What the task requires: In the listing beneath this line, copy exactly the lines starting with the one containing "by (auto simp: annulus_orbits_def)" and going on through the one containing "using orbits_g kh".

Supplied data:
lemma periodic_solution_affine_conj:
  assumes "linear L" and "inj L" and "c > 0"
    and conj: "\<And>z. g (L z + b) = c *\<^sub>R L (f z)" and "periodic_solution f \<phi>"
  shows "periodic_solution g (\<lambda>s. L (\<phi> (c * s)) + b)"
proof -
  have "is_solution (\<lambda>z. c *\<^sub>R f z) (\<lambda>s. \<phi> (c * s))"
    using is_solution_reparam[of f \<phi> c 0] assms(5) by (simp add: periodic_solution_def)
  moreover have "g (L z + b) = L (c *\<^sub>R f z)" for z
    by (simp add: conj linear_scale[OF \<open>linear L\<close>])
  ultimately have "is_solution g (\<lambda>s. L (\<phi> (c * s)) + b)"
    by (intro is_solution_affine_image[OF \<open>linear L\<close>])
  moreover have "inj (\<lambda>z. L z + b)" using \<open>inj L\<close> by (simp add: inj_on_def)
  ultimately show ?thesis
    using periodic_solution_reparam[of "\<lambda>z. L z + b" c f \<phi> g 0] assms(3,5) by simp
qed

lemma periodic_orbit_affine_conj:
  assumes "linear L" and "inj L" and "c > 0"
    and conj: "\<And>z. g (L z + b) = c *\<^sub>R L (f z)" and "periodic_orbit f \<Gamma>"
  shows "periodic_orbit g ((\<lambda>z. L z + b) ` \<Gamma>)"
proof -
  obtain \<phi> where \<phi>: "periodic_solution f \<phi>" and "\<Gamma> = range \<phi>"
    using \<open>periodic_orbit f \<Gamma>\<close> by (auto simp: periodic_orbit_def)
  then have "(\<lambda>z. L z + b) ` \<Gamma> = range (\<lambda>s. L (\<phi> (c * s)) + b)"
    using range_reparam[of c "\<lambda>z. L z + b" \<phi> 0] \<open>c > 0\<close> by simp
  then show ?thesis
    using periodic_solution_affine_conj[OF assms(1-4) \<phi>] unfolding periodic_orbit_def by blast
qed

lemma orbit_period_affine_conj:
  assumes lip_f: "\<And>R. \<exists>K. K-lipschitz_on (cball 0 R) f"
    and lip_g: "\<And>R. \<exists>K. K-lipschitz_on (cball 0 R) g"
    and "linear L" and "inj L" and "c > 0"
    and conj: "\<And>z. g (L z + b) = c *\<^sub>R L (f z)" and "periodic_orbit f \<Gamma>"
  shows "orbit_period f \<Gamma> = c * orbit_period g ((\<lambda>z. L z + b) ` \<Gamma>)"
proof -
  obtain \<phi> where \<phi>: "periodic_solution f \<phi>" and \<Gamma>: "\<Gamma> = range \<phi>"
    using \<open>periodic_orbit f \<Gamma>\<close> by (auto simp: periodic_orbit_def)
  define \<psi> where "\<psi> = (\<lambda>s. L (\<phi> (c * s)) + b)"
  have \<psi>: "periodic_solution g \<psi>"
    unfolding \<psi>_def using periodic_solution_affine_conj[OF assms(3-6) \<phi>] .
  have "(\<lambda>z. L z + b) ` \<Gamma> = range \<psi>"
    unfolding \<psi>_def \<Gamma> using range_reparam[of c "\<lambda>z. L z + b" \<phi> 0] \<open>c > 0\<close> by simp
  moreover have "inj (\<lambda>z. L z + b)" using \<open>inj L\<close> by (simp add: inj_on_def)
  then have "min_period \<phi> = c * min_period \<psi>"
    using min_period_reparam[of "\<lambda>z. L z + b" c \<phi> 0] \<open>c > 0\<close> \<phi>
    by (simp add: \<psi>_def periodic_solution_def)
  ultimately show ?thesis
    using orbit_period_eq_min_period[OF lip_f \<phi>] orbit_period_eq_min_period[OF lip_g \<psi>] \<Gamma> by simp
qed

lemma affine_conj_inverse:
  assumes "linear L" and "linear L'" and "\<And>v. L' (L v) = v" and "\<And>v. L (L' v) = v"
    and "c \<noteq> 0" and conj: "\<And>z. g (L z + b) = c *\<^sub>R L (f z)"
  shows "f (L' z + - L' b) = inverse c *\<^sub>R L' (g z)"
proof -
  have "L (L' z + - L' b) + b = z"
    using assms(4) by (simp add: linear_diff[OF \<open>linear L\<close>])
  then have "g z = c *\<^sub>R L (f (L' z + - L' b))" by (metis conj)
  then have "L' (g z) = c *\<^sub>R f (L' z + - L' b)"
    by (simp add: linear_scale[OF \<open>linear L'\<close>] assms(3))
  then show ?thesis using \<open>c \<noteq> 0\<close> by simp
qed

lemma period_annulus_homeomorphic_image:
  assumes hom: "homeomorphism UNIV UNIV h k"
    and orbits: "\<And>\<Gamma>. periodic_orbit f \<Gamma> \<Longrightarrow> periodic_orbit g (h ` \<Gamma>)"
  shows "h ` period_annulus f p \<subseteq> period_annulus g (h p)"
proof
  fix q assume "q \<in> h ` period_annulus f p"
  then obtain x U where q: "q = h x" "x \<in> U" "x \<noteq> p" and U: "open U" "connected U" "p \<in> U"
    and foliated: "\<forall>y \<in> U - {p}. \<exists>\<Gamma>. periodic_orbit f \<Gamma> \<and> y \<in> \<Gamma> \<and> \<Gamma> \<subseteq> U - {p}"
    unfolding period_annulus_def by blast
  have "inj h" by (rule inj_on_inverseI[where g = k]) (simp add: homeomorphism_apply1[OF hom])
  have "open (h ` U)"
    using homeomorphism_imp_open_map[OF hom, of U] U(1) by simp
  moreover have "connected (h ` U)"
    using continuous_on_subset[OF homeomorphism_cont1[OF hom] subset_UNIV] U(2)
    by (rule connected_continuous_image)
  moreover have diff: "h ` U - {h p} = h ` (U - {p})"
    using \<open>inj h\<close> by (simp add: image_set_diff)
  moreover have "\<forall>y \<in> h ` U - {h p}. \<exists>\<Delta>. periodic_orbit g \<Delta> \<and> y \<in> \<Delta> \<and> \<Delta> \<subseteq> h ` U - {h p}"
  proof
    fix y assume "y \<in> h ` U - {h p}"
    then obtain y0 where "y = h y0" "y0 \<in> U - {p}" using diff by auto
    then obtain \<Gamma> where "periodic_orbit f \<Gamma>" "y0 \<in> \<Gamma>" "\<Gamma> \<subseteq> U - {p}" using foliated by blast
    then show "\<exists>\<Delta>. periodic_orbit g \<Delta> \<and> y \<in> \<Delta> \<and> \<Delta> \<subseteq> h ` U - {h p}"
      using orbits \<open>y = h y0\<close> diff by blast
  qed
  moreover have "q \<in> h ` U - {h p}" using q \<open>inj h\<close> by (auto simp: inj_eq)
  ultimately show "q \<in> period_annulus g (h p)"
    using U(3) unfolding period_annulus_def by blast
qed

lemma annulus_orbits_homeomorphic_image:
  assumes hom: "homeomorphism UNIV UNIV h k"
    and orbits_f: "\<And>\<Gamma>. periodic_orbit f \<Gamma> \<Longrightarrow> periodic_orbit g (h ` \<Gamma>)"
    and orbits_g: "\<And>\<Gamma>. periodic_orbit g \<Gamma> \<Longrightarrow> periodic_orbit f (k ` \<Gamma>)"
  shows "(\<lambda>\<Gamma>. h ` \<Gamma>) ` annulus_orbits f p = annulus_orbits g (h p)"
proof -
  have kh: "k (h z) = z" and hk: "h (k z) = z" for z
    using homeomorphism_apply1[OF hom] homeomorphism_apply2[OF hom] by simp_all
  have "k ` period_annulus g (h p) \<subseteq> period_annulus f p"
    using period_annulus_homeomorphic_image[of k h g f "h p", OF homeomorphism_symD[OF hom] orbits_g] kh
    by simp
  then have "h ` k ` period_annulus g (h p) \<subseteq> h ` period_annulus f p" by (rule image_mono)
  then have "period_annulus g (h p) \<subseteq> h ` period_annulus f p" using hk by (simp add: image_image)
  with period_annulus_homeomorphic_image[OF hom orbits_f]
  have annulus: "period_annulus g (h p) = h ` period_annulus f p" by blast
  show ?thesis
  proof (intro set_eqI iffI)
    fix \<Delta> assume "\<Delta> \<in> (\<lambda>\<Gamma>. h ` \<Gamma>) ` annulus_orbits f p"
    then obtain \<Gamma> where "\<Delta> = h ` \<Gamma>" "periodic_orbit f \<Gamma>" "\<Gamma> \<subseteq> period_annulus f p"
      by (auto simp: annulus_orbits_def)
    then show "\<Delta> \<in> annulus_orbits g (h p)"
      by (simp add: annulus_orbits_def annulus image_mono orbits_f)
  next
    fix \<Delta> assume "\<Delta> \<in> annulus_orbits g (h p)"
    then have "periodic_orbit g \<Delta>" and "\<Delta> \<subseteq> h ` period_annulus f p"
      by (simp_all add: annulus_orbits_def annulus)
    then have "k ` \<Delta> \<in> annulus_orbits f p"
      using orbits_g kh by (force simp: annulus_orbits_def)
    moreover have "\<Delta> = h ` k ` \<Delta>" using hk by (simp add: image_image)
    ultimately show "\<Delta> \<in> (\<lambda>\<Gamma>. h ` \<Gamma>) ` annulus_orbits f p" by blast
  qed
qed

lemma annulus_orbits_affine_conj:
  fixes L L' :: "real \<times> real \<Rightarrow> real \<times> real"
  assumes lip_f: "\<And>R. \<exists>K. K-lipschitz_on (cball 0 R) f"
    and lip_g: "\<And>R. \<exists>K. K-lipschitz_on (cball 0 R) g"
    and "linear L" and "linear L'" and L'L: "\<And>v. L' (L v) = v" and LL': "\<And>v. L (L' v) = v"
    and "c > 0" and conj: "\<And>z. g (L z + b) = c *\<^sub>R L (f z)"
  shows "(\<lambda>\<Gamma>. (\<lambda>z. L z + b) ` \<Gamma>) ` annulus_orbits f p = annulus_orbits g (L p + b)
    \<and> (\<forall>\<Gamma> \<in> annulus_orbits f p. orbit_period f \<Gamma> = c * orbit_period g ((\<lambda>z. L z + b) ` \<Gamma>))"
proof
  have "inj L" and "inj L'" by (metis L'L injI, metis LL' injI)
  have "homeomorphism UNIV UNIV (\<lambda>z. L z + b) (\<lambda>z. L' z + - L' b)"
  proof (rule homeomorphismI)
    have "bounded_linear L" and "bounded_linear L'"
      using \<open>linear L\<close> \<open>linear L'\<close> by (simp_all add: linear_conv_bounded_linear)
    then show "continuous_on UNIV (\<lambda>z. L z + b)" and "continuous_on UNIV (\<lambda>z. L' z + - L' b)"
      by (simp_all add: linear_continuous_on continuous_on_add continuous_on_diff)
    show "L' (L z + b) + - L' b = z" and "L (L' z + - L' b) + b = z" for z
      using L'L LL' by (simp_all add: linear_add[OF \<open>linear L'\<close>] linear_diff[OF \<open>linear L\<close>])
  qed auto
  moreover have "c \<noteq> 0" using \<open>c > 0\<close> by simp
  then have "f (L' z + - L' b) = inverse c *\<^sub>R L' (g z)" for z
    by (rule affine_conj_inverse[where f = f and g = g and b = b, OF \<open>linear L\<close> \<open>linear L'\<close> L'L LL' _ conj])
  ultimately show "(\<lambda>\<Gamma>. (\<lambda>z. L z + b) ` \<Gamma>) ` annulus_orbits f p = annulus_orbits g (L p + b)"
    using periodic_orbit_affine_conj[where f = f and g = g and b = b,
        OF \<open>linear L\<close> \<open>inj L\<close> \<open>c > 0\<close> conj]
      periodic_orbit_affine_conj[where f = g and g = f and b = "- L' b" and c = "inverse c",
        OF \<open>linear L'\<close> \<open>inj L'\<close>] \<open>c > 0\<close>
    by (intro annulus_orbits_homeomorphic_image) auto
  show "\<forall>\<Gamma> \<in> annulus_orbits f p. orbit_period f \<Gamma> = c * orbit_period g ((\<lambda>z. L z + b) ` \<Gamma>)"
    using orbit_period_affine_conj[where b = b, OF lip_f lip_g \<open>linear L\<close> \<open>inj L\<close> \<open>c > 0\<close> conj]
    by (simp add: annulus_orbits_def)
qed

lemma abs_mult_add_mult_le:
  fixes a b u v :: real
  assumes "\<bar>a\<bar> \<le> A" and "\<bar>b\<bar> \<le> B" and "\<bar>u\<bar> \<le> d" and "\<bar>v\<bar> \<le> d"
  shows "\<bar>a * u + b * v\<bar> \<le> (A + B) * d"
proof -
  have "\<bar>a * u + b * v\<bar> \<le> \<bar>a\<bar> * \<bar>u\<bar> + \<bar>b\<bar> * \<bar>v\<bar>"
    by (metis abs_mult abs_triangle_ineq)
  also have "\<dots> \<le> A * d + B * d"
    using assms by (intro add_mono mult_mono) auto
  finally show ?thesis by (simp add: distrib_right)
qed

lemma sysDF_conv_fst_snd: "sysDF D F = (\<lambda>z. (- snd z + fst z * snd z, fst z + D * (fst z)\<^sup>2 + F * (snd z)\<^sup>2))"
  by (auto simp: sysDF_def fun_eq_iff)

Problem solution:
      by (auto simp: annulus_orbits_def)
    then show "\<Delta> \<in> annulus_orbits g (h p)"
      by (simp add: annulus_orbits_def annulus image_mono orbits_f)
  next
    fix \<Delta> assume "\<Delta> \<in> annulus_orbits g (h p)"
    then have "periodic_orbit g \<Delta>" and "\<Delta> \<subseteq> h ` period_annulus f p"
      by (simp_all add: annulus_orbits_def annulus)
    then have "k ` \<Delta> \<in> annulus_orbits f p"
      using orbits_g kh by (force simp: annulus_orbits_def)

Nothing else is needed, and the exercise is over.